With the development of the Internet into a particularly powerful, multi-optional media
environment, the focus of behavioral observation of selective exposure to media content has
shifted to online content, and computer or web-based research designs (Best et al., 2005; Garrett
et al., 2013; Knobloch-Westerwick, Johnson, & Westerwick, 2015; Knobloch-Westerwick,
Sharma, et al., 2005; Messing & Westwood, 2014). Typically, studies investigate the impact of
initial attitudes (and other individual level variables measured before and after selective
MEASURING ONLINE SELECTIVE EXPOSURE 10
exposure) on the number of related news articles and time spent with reading them (Stroud &
Muddiman, 2013; Taber & Lodge, 2006). Other studies investigated the influence of
experimental manipulations on selection behavior as the dependent variable (Knobloch-
Westerwick & Sarge, 2015; Valentino, Banks, Hutchings, & Davis, 2009).
A particularly prolific and elegant approach to observe online selective exposure has been
developed by Hastall and Knobloch-Westerwick (2013). In a number of studies their research
group presented participants with specifically prepared websites that unobtrusively logged
selective exposure measures such as the number of selected articles, and the time spent reading
selected articles within a given time frame, after which a follow-up questionnaire was
automatically loaded (e.g. Knobloch-Westerwick, Dillman Carpentier, Blumhoff, & Nickel,
2005; Knobloch-Westerwick & Johnson, 2014; Knobloch-Westerwick et al., 2015; Knobloch-
Westerwick & Meng, 2011). These studies comprise a wide topical array of issues (including
gun control, abortion, health care, or minimum wages), and monitor participants’ website
browsing behavior (e.g., time spent with articles consistent or inconsistent with the individual’s
attitude).
Clay et al. (2013, p. 159) who refer to this methodological approach as the “mock website
paradigm” (p. 159) have noted several strengths and limitations (see also Hastall & Knobloch-
Westerwick, 2013). Compared to other measures of selective exposure such as retrospective
reports or behavioral intentions, this approach has the highest external validity as it unobtrusively
captures actual selective exposure behavior. Hence, this method is less reliant on participants’
accuracy of remembering own past behavior or predicting likely future behavior, and it is less
prone to attitudinal biases and issues of social desirability, which reduces measurement error and
enhances the construct validity of selective exposure measurement.
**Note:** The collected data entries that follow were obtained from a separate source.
lemma linf_stabiliser:
  fixes M :: "'a::field^3^3"
  assumes inv: "invertible M" and third: "\<And>y. (M *v y)$3 = 0 \<longleftrightarrow> y$3 = 0"
  shows "pmap M ` l_inf = l_inf"
proof -
  obtain N where MN: "M ** N = mat 1" and NM: "N ** M = mat 1"
    using inv unfolding invertible_def by blast
  have nonzero: "M *v x \<noteq> 0" if "x \<noteq> 0" for x
  proof
    assume "M *v x = 0"
    then have "N *v (M *v x) = 0" by simp
    then show False using that by (simp add: matrix_vector_mul_assoc NM)
  qed
  have "l_inf \<subseteq> pmap M ` l_inf"
  proof
    fix Q assume "Q \<in> (l_inf :: ('a^3) set set)"
    then obtain w where w: "Q = ppoint w" "w \<noteq> 0" "w$3 = 0" unfolding l_inf_def by blast
    have Mw: "M *v (N *v w) = w" by (simp add: matrix_vector_mul_assoc MN)
    then have "ppoint (N *v w) \<in> l_inf"
      using w third[of "N *v w"] unfolding l_inf_def by force
    then show "Q \<in> pmap M ` l_inf" using w(1) Mw by (metis image_eqI pmap_ppoint)
  qed
  moreover have "pmap M ` l_inf \<subseteq> l_inf"
    unfolding l_inf_def using nonzero third by (auto simp: pmap_ppoint)
  ultimately show ?thesis by blast
qed

lemma subplane_normal_form:
  fixes u v z :: "'a::field^3"
  assumes ind: "indep3 u v z" and z3: "z$3 \<noteq> 0"
  shows "equiv_linf_stab (subplane_of F u v z) (pi_wl F (v$3 / z$3) (u$3 / z$3))"
proof -
  define lam om where "lam = u$3 / z$3" and "om = v$3 / z$3"
  obtain M :: "'a^3^3" where M: "invertible M"
    "M *v u = vector [1, 0, lam]" "M *v v = vector [0, 1, om]" "M *v z = vector [0, 0, 1]"
    by (rule basis_transfer_matrix[OF ind std_basis_indep])
  have third: "(M *v y)$3 = y$3 / z$3" for y
  proof -
    obtain a b c where y: "y = a *s u + b *s v + c *s z" by (rule indep3_spans[OF ind])
    have "(M *v y)$3 = a * lam + b * om + c"
      unfolding y matrix_vector_lincomb M by simp
    also have "\<dots> = y$3 / z$3"
      unfolding y lam_def om_def using z3 by (simp add: field_simps)
    finally show ?thesis .
  qed
  have "pmap M ` l_inf = l_inf"
    by (rule linf_stabiliser[OF M(1)]) (simp add: third z3)
  moreover have "pmap M ` subplane_of F u v z = pi_wl F om lam"
    unfolding pmap_subplane M pi_wl_as_subplane ..
  ultimately have "equiv_linf_stab (subplane_of F u v z) (pi_wl F om lam)"
    unfolding equiv_linf_stab_def using M(1) by (intro exI[of _ M]) simp
  then show ?thesis by (simp only: lam_def om_def)
qed

(* External subplanes: no nontrivial F-combination of u3, v3, z3 vanishes, so z3 is
  nonzero and 1, v3/z3, u3/z3 are F-independent. *)
lemma external_normal_form:
  fixes u v z :: "'a::field^3"
  assumes F: "is_subfield F" and ind: "indep3 u v z"
    and ext: "external_linf (subplane_of F u v z)"
  shows "\<exists>om lam. lin_indep3_over F 1 om lam \<and>
           equiv_linf_stab (subplane_of F u v z) (pi_wl F om lam)"
proof -
  have off_linf: "(s *s u + t *s v + w *s z)$3 \<noteq> 0"
    if "s \<in> F" "t \<in> F" "w \<in> F" "(s, t, w) \<noteq> (0, 0, 0)" for s t w
    using subplane_point_on_linf[OF ind that] ext unfolding external_linf_def by blast
  have z3: "z$3 \<noteq> 0" using off_linf[of 0 0 1] subfield_closed[OF F] by simp
  have "lin_indep3_over F 1 (v$3 / z$3) (u$3 / z$3)"
    unfolding lin_indep3_over_def
  proof (intro ballI impI)
    fix a b c assume abc: "a \<in> F" "b \<in> F" "c \<in> F"
      and "a * 1 + b * (v$3 / z$3) + c * (u$3 / z$3) = 0"
    then have "(c *s u + b *s v + a *s z)$3 = 0" using z3 by (simp add: field_simps)
    then show "a = 0 \<and> b = 0 \<and> c = 0" using off_linf[OF abc(3,2,1)] by auto
  qed
  then show ?thesis using subplane_normal_form[OF ind z3] by blast
qed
Thus, as Clay et al. (2013, p.
MEASURING ONLINE SELECTIVE EXPOSURE 11
159) have pointed out, “measures of observed selective exposure behavior have benefitted
considerably from the advent of technology.”. These advantages include, but are not limited to
the monitoring of detailed information about the duration of exposure, the number and quality of
selected information, the order in which information was selected, and the overall diversity of
information – which can be used for studying mediators or moderators of selective exposure
effects (Clay et al., 2013, p. 159).
Clay et al.’s (2013) analysis of weaknesses associated with the “mock website paradigm”
focuses on issues of generalizability associated with the restricted choice and a-priori
categorization of content included in artificial websites created for research purposes (typically
including 6-12 articles, see Hastall & Knobloch-Westerwick, 2013, p. 103). Selective exposure
effects may differ if – rather than focusing on a (forced) selectivity task within a given sample of
news articles – participants have the choice of selecting completely irrelevant content (Feldman
et al., 2013). Thus, despite its higher level of external validity compared to retrospective reports
and behavioral intentions, this approach may only partly reflect real selective exposure behavior
outside the lab. Moreover, Clay et al. (2013) argue that researchers’ pre-selection of articles
involves untested a-priori assumptions about participants’ interpretation of the content.
We think that both of Clay et al.’s (2013) criticisms can (partly) be addressed within the
mock website paradigm, for instance, by including irrelevant content in addition to the target
articles, and by careful pretesting and adding manipulation checks of how participants perceive
the stimulus materials (see Hastall & Knobloch-Westerwick, 2013). In particular, selective
exposure research conducted within this methodological paradigm has differentiated between
informational and entertaining (or mixed) contexts (see Knobloch-Westerwick, 2015a), and has
shown that patterns of selective exposure differ when non-political content is available
MEASURING ONLINE SELECTIVE EXPOSURE 12
(Arceneaux & Johnson, 2013). However, as Hastall and Knobloch-Westerwick (2013) have
noted, “web server-based measurement of selective exposure to online content typically requires
a substantial technical knowledge of Internet technologies and protocols” (p. 103). They
conclude that “potential future enhancements, which we welcome, could include the
development of open-source software tools for convenient implementation in different research
contexts or the development of easy-to-use templates implemented in existing software tools”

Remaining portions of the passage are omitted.